Configure next-hop monitoring: You can provide IP addresses (usually next hop routers) to continuously monitor from both the primary and the secondary nodes using ICMP echo (ping) messages. If any of the monitored addresses becomes unreachable from the primary node while being reachable from the secondary node (in other words, more monitored addresses are accessible from the secondary node) then it is assumed that the primary node is unreachable and a forced takeover occurs – even if the primary node is otherwise functional.

You can find more information about configuring next-hop monitoring in Next-hop router monitoring.
Reboot the HA cluster: To reboot both nodes, click Reboot Cluster. To prevent takeover, a token is placed on the secondary node. While this token persists, the secondary node halts its boot process to make sure that the primary node boots first. Following reboot, the primary node removes this token from the secondary node, allowing it to continue with the boot process.

If the token still persists on the secondary node following reboot, the Unblock Slave Node button is displayed. Clicking the button removes the token, and reboots the secondary node.
Reboot a node: Reboots the selected node.

When rebooting the nodes of a cluster, reboot the other (secondary) node first to avoid unnecessary takeovers.
Shutdown a node: Forces the selected node to shutdown.
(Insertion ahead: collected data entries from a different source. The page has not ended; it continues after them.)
(* Let $A,\bar A,B,\bar B,C,\bar C$ be six pairwise distinct points in the real projective plane such that no four of them are collinear, and such that the three pairs $\{A,\bar A\},\{B,\bar B\},\{C,\bar C\}$ are not the pairs of opposite vertices of one and the same complete quadrilateral. Apply Schroeter's construction to these three pairs. Then all points obtained by Schroeter's construction (including $A,\bar A,B,\bar B,C,\bar C$) lie on one and the same cubic curve.
   Context: Notation: for distinct points $P,Q$, $PQ$ is the line through them; for distinct lines $l_1,l_2$, $l_1\wedge l_2$ is their intersection point. Schroeter's construction: one starts with the three pairs of points $\{A,\bar A\},\{B,\bar B\},\{C,\bar C\}$. Whenever $\{P,\bar P\}$ and $\{Q,\bar Q\}$ are two (different) pairs already obtained, one forms the new pair $\{S,\bar S\}$ with $S:=PQ\wedge \bar P\bar Q$ and $\bar S:=P\bar Q\wedge \bar PQ$, and adds it to the collection of pairs; this is iterated. The points obtained are all points belonging to pairs produced in this way. *)

theory Defs
  imports "HOL-Analysis.Analysis" "HOL-Analysis.Cross3"
begin

type_synonym pt = "real^3"

text \<open>Real projective plane via homogeneous coordinates: a point is represented by a
  nonzero vector of real^3, two representatives denote the same point iff their cross
  product vanishes.  The line through distinct points P, Q has coordinate vector
  cross3 P Q, and the intersection of distinct lines l, m is cross3 l m.\<close>

definition proj_point :: "pt \<Rightarrow> bool" where
  "proj_point p \<longleftrightarrow> p \<noteq> 0"

definition proj_eq :: "pt \<Rightarrow> pt \<Rightarrow> bool" where
  "proj_eq p q \<longleftrightarrow> cross3 p q = 0"

definition line_through :: "pt \<Rightarrow> pt \<Rightarrow> pt" where
  "line_through p q = cross3 p q"

definition meet :: "pt \<Rightarrow> pt \<Rightarrow> pt" where
  "meet l m = cross3 l m"

definition proj_collinear :: "pt set \<Rightarrow> bool" where
  "proj_collinear S \<longleftrightarrow> (\<exists>l::pt. l \<noteq> 0 \<and> (\<forall>p\<in>S. l \<bullet> p = 0))"

definition pair_eq :: "pt \<times> pt \<Rightarrow> pt \<times> pt \<Rightarrow> bool" where
  "pair_eq X Y \<longleftrightarrow>
     (proj_eq (fst X) (fst Y) \<and> proj_eq (snd X) (snd Y)) \<or>
     (proj_eq (fst X) (snd Y) \<and> proj_eq (snd X) (fst Y))"

text \<open>Complete quadrilateral: four lines, no three concurrent; its three pairs of
  opposite vertices are (l1/\l2, l3/\l4), (l1/\l3, l2/\l4), (l1/\l4, l2/\l3).\<close>
definition complete_quadrilateral :: "pt \<Rightarrow> pt \<Rightarrow> pt \<Rightarrow> pt \<Rightarrow> bool" where
  "complete_quadrilateral l1 l2 l3 l4 \<longleftrightarrow>
     l1 \<noteq> 0 \<and> l2 \<noteq> 0 \<and> l3 \<noteq> 0 \<and> l4 \<noteq> 0 \<and>
     cross3 l1 l2 \<bullet> l3 \<noteq> 0 \<and> cross3 l1 l2 \<bullet> l4 \<noteq> 0 \<and>
     cross3 l1 l3 \<bullet> l4 \<noteq> 0 \<and> cross3 l2 l3 \<bullet> l4 \<noteq> 0"

definition quad_opposite_pairs ::
  "pt \<Rightarrow> pt \<Rightarrow> pt \<Rightarrow> pt \<Rightarrow> (pt \<times> pt) list" where
  "quad_opposite_pairs l1 l2 l3 l4 =
     [(meet l1 l2, meet l3 l4), (meet l1 l3, meet l2 l4), (meet l1 l4, meet l2 l3)]"

definition opposite_vertex_pairs ::
  "pt \<times> pt \<Rightarrow> pt \<times> pt \<Rightarrow> pt \<times> pt \<Rightarrow> bool" where
  "opposite_vertex_pairs X Y Z \<longleftrightarrow>
     (\<exists>l1 l2 l3 l4. complete_quadrilateral l1 l2 l3 l4 \<and>
        (\<forall>G\<in>{X, Y, Z}. \<exists>Q\<in>set (quad_opposite_pairs l1 l2 l3 l4). pair_eq G Q) \<and>
        (\<forall>Q\<in>set (quad_opposite_pairs l1 l2 l3 l4). \<exists>G\<in>{X, Y, Z}. pair_eq G Q))"

text \<open>Schroeter's construction, as a set of ordered pairs (P, Pbar) (both orientations
  of each base pair are included, hence of every constructed pair).\<close>
inductive_set schroeter ::
  "pt \<Rightarrow> pt \<Rightarrow> pt \<Rightarrow> pt \<Rightarrow> pt \<Rightarrow> pt \<Rightarrow> (pt \<times> pt) set"
  for A Ab B Bb C Cb
where
  baseA: "(A, Ab) \<in> schroeter A Ab B Bb C Cb"
| baseA': "(Ab, A) \<in> schroeter A Ab B Bb C Cb"
| baseB: "(B, Bb) \<in> schroeter A Ab B Bb C Cb"
| baseB': "(Bb, B) \<in> schroeter A Ab B Bb C Cb"
| baseC: "(C, Cb) \<in> schroeter A Ab B Bb C Cb"
| baseC': "(Cb, C) \<in> schroeter A Ab B Bb C Cb"
| step: "\<lbrakk> (P, Pb) \<in> schroeter A Ab B Bb C Cb; (Q, Qb) \<in> schroeter A Ab B Bb C Cb;
           \<not> pair_eq (P, Pb) (Q, Qb);
           \<not> proj_eq P Q; \<not> proj_eq Pb Qb; \<not> proj_eq P Qb; \<not> proj_eq Pb Q;
           meet (line_through P Q) (line_through Pb Qb) \<noteq> 0;
           meet (line_through P Qb) (line_through Pb Q) \<noteq> 0 \<rbrakk> \<Longrightarrow>
         (meet (line_through P Q) (line_through Pb Qb),
          meet (line_through P Qb) (line_through Pb Q)) \<in> schroeter A Ab B Bb C Cb"

text \<open>Cubic curves: zero sets of nonzero homogeneous cubic forms in the homogeneous
  coordinates, given by coefficients on the ten monomials x^i y^j z^k, i+j+k=3.\<close>
definition cubic_monomials :: "(nat \<times> nat \<times> nat) set" where
  "cubic_monomials = {(i, j, k). i + j + k = 3}"

definition cubic_form :: "(nat \<times> nat \<times> nat \<Rightarrow> real) \<Rightarrow> pt \<Rightarrow> real" where
  "cubic_form c p = (\<Sum>(i, j, k)\<in>cubic_monomials. c (i, j, k) * p$1 ^ i * p$2 ^ j * p$3 ^ k)"

definition nonzero_cubic :: "(nat \<times> nat \<times> nat \<Rightarrow> real) \<Rightarrow> bool" where
  "nonzero_cubic c \<longleftrightarrow> (\<exists>m\<in>cubic_monomials. c m \<noteq> 0)"

end

theory Submission
  imports Defs
begin
lemma level_nat:
  assumes "p < l"
  obtains t where "t \<le> d" "level p = of_nat t"
proof -
  have "level p \<in> \<int>" unfolding level_def using d_e_integral assms by (intro Ints_sum) auto
  then obtain z where z: "level p = of_int z" by (auto elim: Ints_cases)
  have "0 \<le> of_nat d * e 0" using e_nonneg[of 0] l_pos by simp
  then have "0 \<le> z" using level_mono[of 0 p] assms z unfolding level_def by simp
  moreover have "of_int z \<le> (of_int (int d) :: rat)" using level_mono[of p "l - 1"] assms z level_last
    by simp
  then have "z \<le> int d" by linarith
  ultimately show ?thesis using z that[of "nat z"] by simp
qed

lemma Jset_iff_level_eq:
  assumes "1 \<le> p" "p < l"
  shows "p \<in> Jset l e \<longleftrightarrow> level p = level (p - 1)"
  using level_Suc[of "p - 1"] assms d_pos unfolding Jset_def by simp

lemma zero_in_Jset_iff: "0 \<in> Jset l e \<longleftrightarrow> level 0 = 0"
  using d_pos l_pos unfolding Jset_def level_def by simp

lemma two_le_l_if_zero_in_Jset: "0 \<in> Jset l e \<Longrightarrow> 2 \<le> l"
  using l_pos sum_e unfolding Jset_def by (cases "l = 1") auto

lemma in_Jset_between:
  assumes "p' \<in> Iset l d e t" "p \<in> Iset l d e t" "p' < k" "k \<le> p"
  shows "k \<in> Jset l e"
proof -
  have "p < l" using assms(2) unfolding Iset_iff by simp
  then have "level p' \<le> level (k - 1)" "level (k - 1) \<le> level k" "level k \<le> level p"
    using level_mono assms(3,4) by simp_all
  then have "level k = level (k - 1)" using assms(1,2) unfolding Iset_iff by simp
  then show ?thesis using Jset_iff_level_eq[of k] assms(3,4) \<open>p < l\<close> by simp
qed

lemma last_in_Iset_d: "l - 1 \<in> Iset l d e d"
  using level_last l_pos unfolding Iset_iff by simp

lemma Iset_disjoint: "t \<noteq> t' \<Longrightarrow> p \<in> Iset l d e t \<Longrightarrow> p \<notin> Iset l d e t'"
  unfolding Iset_iff by auto

text \<open>The runners entering \<open>C\<^sub>[\<^sub>t\<^sub>]\<close>: those of level \<open>t\<close>, where \<open>C\<^sub>[\<^sub>0\<^sub>] = C\<^sub>[\<^sub>d\<^sub>]\<close> collects
  the runners of level \<open>0\<close> and \<open>d\<close>; the former enter shifted by \<open>S\<^sup>-\<^sup>1\<close>.\<close>
definition block :: "nat \<Rightarrow> nat set" where
  "block t = (if 1 \<le> t \<and> t \<le> d - 1 then Iset l d e t else Iset l d e 0 \<union> Iset l d e d)"

definition offset :: "nat \<Rightarrow> int" where
  "offset p = of_bool (p \<in> Iset l d e 0)"

definition shifted :: "(nat \<Rightarrow> int set) \<Rightarrow> nat \<Rightarrow> int set" where
  "shifted C p = {x. x + offset p \<in> C p}"

lemma block_subset: "block t \<subseteq> {..<l}"
  unfolding block_def using Iset_subset by auto

lemma finite_block: "finite (block t)"
  unfolding block_def using finite_Iset by simp

lemma block_iff:
  "p \<in> block t \<longleftrightarrow>
    p < l \<and> (if 1 \<le> t \<and> t \<le> d - 1 then level p = of_nat t else level p = 0 \<or> level p = of_nat d)"
  unfolding block_def by (auto simp: Iset_iff)

lemma not_in_Iset_0_if_level_d: "p \<in> Iset l d e d \<Longrightarrow> p \<notin> Iset l d e 0"
  using Iset_disjoint[of d 0] d_pos by simp

lemma Cbr_eq_card_block: "Cbr l d e C t x = card {p \<in> block t. x \<in> shifted C p}"
proof (cases "1 \<le> t \<and> t \<le> d - 1")
  case True
  then have "offset p = 0" if "p \<in> Iset l d e t" for p
    using that Iset_disjoint[of t 0] unfolding offset_def by auto
  then have "{p \<in> block t. x \<in> shifted C p} = {p \<in> Iset l d e t. x \<in> C p}"
    using True unfolding block_def shifted_def by auto
  then show ?thesis using True unfolding Cbr_def by simp
next
  case False
  then have "{p \<in> block t. x \<in> shifted C p}
      = {p \<in> Iset l d e 0. x + 1 \<in> C p} \<union> {p \<in> Iset l d e d. x \<in> C p}"
    using not_in_Iset_0_if_level_d unfolding block_def shifted_def offset_def by auto
  moreover have "{p \<in> Iset l d e 0. x + 1 \<in> C p} \<inter> {p \<in> Iset l d e d. x \<in> C p} = {}"
    using not_in_Iset_0_if_level_d by auto
  ultimately show ?thesis
    using finite_Iset unfolding Cbr_def if_not_P[OF False] by (simp add: card_Un_disjoint)
qed

lemma Cbr_cong:
  assumes "\<And>q. q < l \<Longrightarrow> C q = C' q"
  shows "Cbr l d e C t = Cbr l d e C' t"
proof
  fix x
  have "{p \<in> block t. x \<in> shifted C p} = {p \<in> block t. x \<in> shifted C' p}"
    using assms block_subset unfolding shifted_def by auto
  then show "Cbr l d e C t x = Cbr l d e C' t x" unfolding Cbr_eq_card_block by simp
qed

definition J_nested :: "(nat \<Rightarrow> int set) \<Rightarrow> bool" where
  "J_nested Ct \<longleftrightarrow> (\<forall>p\<in>Jset l e. p \<noteq> 0 \<longrightarrow> Ct p \<subseteq> Ct (p - 1)) \<and>
      (0 \<in> Iset l d e 0 \<longrightarrow> {x. x + 1 \<in> Ct 0} \<subseteq> Ct (l - 1))"

lemma J_nested_level_antitone:
  assumes "J_nested Ct" "p' \<in> Iset l d e t" "p \<in> Iset l d e t" "p' \<le> p"
  shows "Ct p \<subseteq> Ct p'"
proof (rule antitone_chain[OF _ assms(4)])
  fix k assume "p' < k" "k \<le> p"
  then show "Ct k \<subseteq> Ct (k - 1)"
    using in_Jset_between[OF assms(2,3)] assms(1) unfolding J_nested_def by auto
qed

text \<open>Within a block, runners of level \<open>0\<close> come after those of level \<open>d\<close>.\<close>
definition block_pos :: "nat \<Rightarrow> nat" where
  "block_pos p = (if p \<in> Iset l d e 0 then p + l else p)"

lemma inj_on_block_pos: "inj_on block_pos {..<l}"
  unfolding block_pos_def by (rule inj_onI) (auto split: if_splits)
lemma pareto_quantile_le_iff:
  assumes "\<nu> > 0" "\<beta> > 0" "u > 0" "x > 0"
  shows "pareto_quantile \<nu> \<beta> u \<le> x \<longleftrightarrow> (\<nu> / x) powr \<beta> \<le> u"
proof -
  have "pareto_quantile \<nu> \<beta> u \<le> x \<longleftrightarrow> \<nu> / x \<le> u powr (1 / \<beta>)"
    unfolding pareto_quantile_def using assms by (simp add: divide_le_eq pos_divide_le_eq mult.commute)
  also have "\<dots> \<longleftrightarrow> (\<nu> / x) powr \<beta> \<le> u"
  proof
    assume "\<nu> / x \<le> u powr (1 / \<beta>)"
    then have "(\<nu> / x) powr \<beta> \<le> (u powr (1 / \<beta>)) powr \<beta>"
      using assms by (intro powr_mono2) auto
    then show "(\<nu> / x) powr \<beta> \<le> u"
      using assms by (simp add: powr_powr)
  next
    assume "(\<nu> / x) powr \<beta> \<le> u"
    then have "((\<nu> / x) powr \<beta>) powr (1 / \<beta>) \<le> u powr (1 / \<beta>)"
      using assms by (intro powr_mono2) auto
    then show "\<nu> / x \<le> u powr (1 / \<beta>)"
      using assms by (simp add: powr_powr)
  qed
  finally show ?thesis .
qed

lemma pareto_quantile_ge:
  assumes "\<nu> > 0" "\<beta> > 0" "0 < u" "u \<le> 1"
  shows "\<nu> \<le> pareto_quantile \<nu> \<beta> u"
proof -
  have "u powr (1 / \<beta>) \<le> 1"
    using powr_mono2[of "1 / \<beta>" u 1] assms by simp
  moreover have "u powr (1 / \<beta>) > 0"
    using assms by simp
  ultimately show ?thesis
    unfolding pareto_quantile_def using assms by (simp add: le_divide_eq)
qed

lemma pareto_tail_quantile:
  assumes "\<nu> > 0" "\<beta> > 0" "0 < u"
  shows "(\<nu> / pareto_quantile \<nu> \<beta> u) powr \<beta> = u"
  using assms by (simp add: pareto_quantile_def powr_powr)

lemma pareto_cdf_eq:
  assumes "\<nu> > 0" "\<nu> \<le> y"
  shows "pareto_cdf \<nu> \<beta> y = 1 - (\<nu> / y) powr \<beta>"
  using assms by (auto simp: pareto_cdf_def)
When shutting down the nodes of a cluster, shut down the other (secondary) node first. When powering on the nodes, start the primary node first to avoid unnecessary takeovers.
Manual takeover: To activate the other node and disable the currently active node, click Activate slave.

Activating the secondary node terminates all connections of SSB and might result in data loss. The secondary node becomes active after about 60 seconds, during which SSB cannot accept incoming messages. Enable disk-buffering on your syslog-ng clients and relays to prevent data loss in such cases.

Adjusting the synchronization speed

Managing SSB > Managing a high availability SSB cluster > Adjusting the synchronization speed

When operating two syslog-ng Store Box (SSB) units in High Availability mode, every incoming data copied from the master (active) node to the slave (passive) node. Since synchronizing data can take up significant system-resources, the maximal speed of the synchronization is limited, by default, to 10 Mbps. However, this means that synchronizing large amount of data can take very long time, so it is useful to increase the synchronization speed in certain situations — for example, when synchronizing the disks after converting a single node to a high availability cluster.

The Basic Settings > High Availability > DRBD status field indicates whether the latest data (including SSB configuration, log files, and so on) is available on both SSB nodes. For a description of each possible status, see Understanding SSB cluster statuses.

To change the limit of the DRBD synchronization rate, navigate to Basic Settings > High Availability, select DRBD sync rate limit, and select the desired value.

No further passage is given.